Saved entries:

━━━━━━━━━━━━━━━━

lemma carry_origin:
  assumes "carry T x y i"
  shows "i < carry_origin T x y i" and "carry_origin T x y i \<le> T"
    and "digit T x (carry_origin T x y i)" and "digit T y (carry_origin T x y i)"
    and "\<And>i'. i < i' \<Longrightarrow> i' < carry_origin T x y i \<Longrightarrow>
      digit T x i' \<noteq> digit T y i' \<and> carry T x y i'"
proof -
  obtain j where j: "j > i" "digit T x j" "digit T y j"
    and between: "\<forall>i'. i < i' \<and> i' < j \<longrightarrow> digit T x i' \<noteq> digit T y i' \<and> carry T x y i'"
    using carry_chain[OF assms] by blast
  have "carry_origin T x y i = j"
    unfolding carry_origin_def
  proof (rule Least_equality)
    show "\<And>j'. i < j' \<and> digit T x j' \<and> digit T y j' \<Longrightarrow> j \<le> j'"
      using between by (meson not_le)
  qed (use j in auto)
  then show "i < carry_origin T x y i" "carry_origin T x y i \<le> T"
    "digit T x (carry_origin T x y i)" "digit T y (carry_origin T x y i)"
    "\<And>i'. i < i' \<Longrightarrow> i' < carry_origin T x y i \<Longrightarrow> digit T x i' \<noteq> digit T y i' \<and> carry T x y i'"
    using j between by (auto simp: digit_def)
qed

lemma digit_add_before_carry_origin:
  assumes "carry T x y i" "i < i'" "i' < carry_origin T x y i"
  shows "\<not> digit T (x + y) i'"
  using carry_origin[OF assms(1)] assms(2,3) digit_add[of i' T x y] by auto

lemma carry_if_digit_add:
  assumes "x < 2 ^ T" "y < 2 ^ T" "digit T (x + y) i" "0 < i \<longrightarrow> digit T x i = digit T y i"
  shows "carry T x y i"
proof -
  have "i \<le> T"
    using assms(3) by (simp add: digit_def)
  moreover have "digit T x i = digit T y i"
    using assms by (cases "i = 0") (auto simp: digit_def)
  ultimately show ?thesis
    using assms(3) digit_add by blast
qed

text \<open>The moves of Opt from an inner node whose children have the digit streams \<open>x\<close>
  and \<open>y\<close>, entered after \<open>l\<close> drawn bits: the child taken and the number of bits drawn on
  entering it, as far as it is at most \<open>t\<close>.\<close>

definition next_nodes :: "nat \<Rightarrow> nat \<Rightarrow> nat \<Rightarrow> nat \<Rightarrow> nat \<Rightarrow> (bool \<times> nat) set" where
  "next_nodes T t x y l =
     (if 0 < l \<and> digit T x l \<noteq> digit T y l then {(digit T y l, l)}
      else {(c, j). l < j \<and> j \<le> t \<and> j \<le> carry_origin T x y l \<and> digit T (if c then y else x) j})"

━━━━━━━━━━━━━━━━

* _Task_
What is the number of lines in the data holding the word "open"? Reply with that number only.

* _Response to the task_
3